Thinking more, we should also get rid of that HOTPLUG offset thing.
> > > > Also, you _still_ don't explain why you care about dead CPUs.
> > > >
> I wanted to understand, if we no longer care about hotplugging of CPUs, then
> why do we still have exported symbols such as cpu_up() and cpu_down()?
Not sure why we have them, legacy probably. The rcu/lock torture module
is the only legitimate user of them.
But if having those exports gives people the impression its a sane thing
to do hotplug from modules, we should just take it out.

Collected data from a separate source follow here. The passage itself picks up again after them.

lemma det_mat_of_cart:
  "Determinant.det (mat_of_cart (A :: 'a::comm_ring_1^'n::finite^'n)) = Determinants.det A"
proof -
  let ?N = "CARD('n)"
  let ?e = "cart_index :: nat \<Rightarrow> 'n"
  let ?e' = "inv_into {0..<?N} ?e"
  have e: "bij_betw ?e {0..<?N} UNIV"
    by (rule bij_betw_cart_index)
  have e': "bij_betw ?e' UNIV {0..<?N}"
    by (rule bij_betw_inv_into[OF e])
  have inj: "inj_on ?e {0..<?N}"
    using e by (simp add: bij_betw_def)
  have "Determinant.det (mat_of_cart A)
      = (\<Sum>q | q permutes {0..<?N}. of_int (sign q) * (\<Prod>i = 0..<?N. A $ ?e i $ ?e (q i)))"
    unfolding det_def'[OF mat_of_cart_carrier]
    by (intro sum.cong refl arg_cong2[where f="(*)"] prod.cong)
       (auto simp: mat_of_cart_def permutes_in_image)
  also have "\<dots> = (\<Sum>p | p permutes (UNIV :: 'n set). of_int (sign p) * (\<Prod>i\<in>UNIV. A $ i $ p i))"
  proof (rule sum.reindex_bij_witness[where j = "map_permutation {0..<?N} ?e"
                                          and i = "map_permutation UNIV ?e'"])
    fix q
    assume q: "q \<in> {q. q permutes {0..<?N}}"
    show "map_permutation UNIV ?e' (map_permutation {0..<?N} ?e q) = q"
      by (rule map_permutation_compose_inv[OF e]) (use q inj in auto)
    show "map_permutation {0..<?N} ?e q \<in> {p. p permutes UNIV}"
      using map_permutation_permutes[OF e] q by auto
    have "(\<Prod>i\<in>UNIV. A $ i $ map_permutation {0..<?N} ?e q i)
        = (\<Prod>k = 0..<?N. A $ ?e k $ map_permutation {0..<?N} ?e q (?e k))"
      by (rule prod.reindex_bij_betw[OF e, symmetric])
    also have "\<dots> = (\<Prod>k = 0..<?N. A $ ?e k $ ?e (q k))"
      by (intro prod.cong refl) (simp add: map_permutation_apply[OF inj])
    finally show "of_int (sign (map_permutation {0..<?N} ?e q))
          * (\<Prod>i\<in>UNIV. A $ i $ map_permutation {0..<?N} ?e q i)
        = of_int (sign q) * (\<Prod>i = 0..<?N. A $ ?e i $ ?e (q i))"
      using sign_map_permutation[OF inj] q by auto
  next
    fix p
    assume p: "p \<in> {p. p permutes (UNIV :: 'n set)}"
    show "map_permutation {0..<?N} ?e (map_permutation UNIV ?e' p) = p"
      by (rule map_permutation_compose_inv[OF e'])
         (use p e in \<open>auto intro: bij_betw_inv_into_right\<close>)
    show "map_permutation UNIV ?e' p \<in> {q. q permutes {0..<?N}}"
      using map_permutation_permutes[OF e'] p by auto
  qed
  also have "\<dots> = Determinants.det A"
    unfolding Determinants.det_def by simp
  finally show ?thesis .
qed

> Moreover, we also have the hotplug interface exposed to users-space as well
> (through sysfs). As long as these interfaces exist, there's always a
> potential chance of bringing the CPU up/down. Can you please clear this
> thing up for me?
Hotplug is an absolute utter slow path. We do our absolute best to put
the entire burden on the hotplug path such that we don't perturb normal
things.
Its primary existence is for physical CPU hotplug, not resource
management. Although there seems to be a misguided 'I have this hammer,
everthing is a nail' thing going on.
I suppose these 'once' things like changing the topology of the machine
-- eg. 'unplug' all but one of the SMT threads, are OK as well.
And RAS things that take a CPU down when there's 'trouble' is also fine.
But anything that does hotplug semi regularly is batshit insane. One of
the first things hotplug does is synchronize_rcu(), that can take a
_long_ time.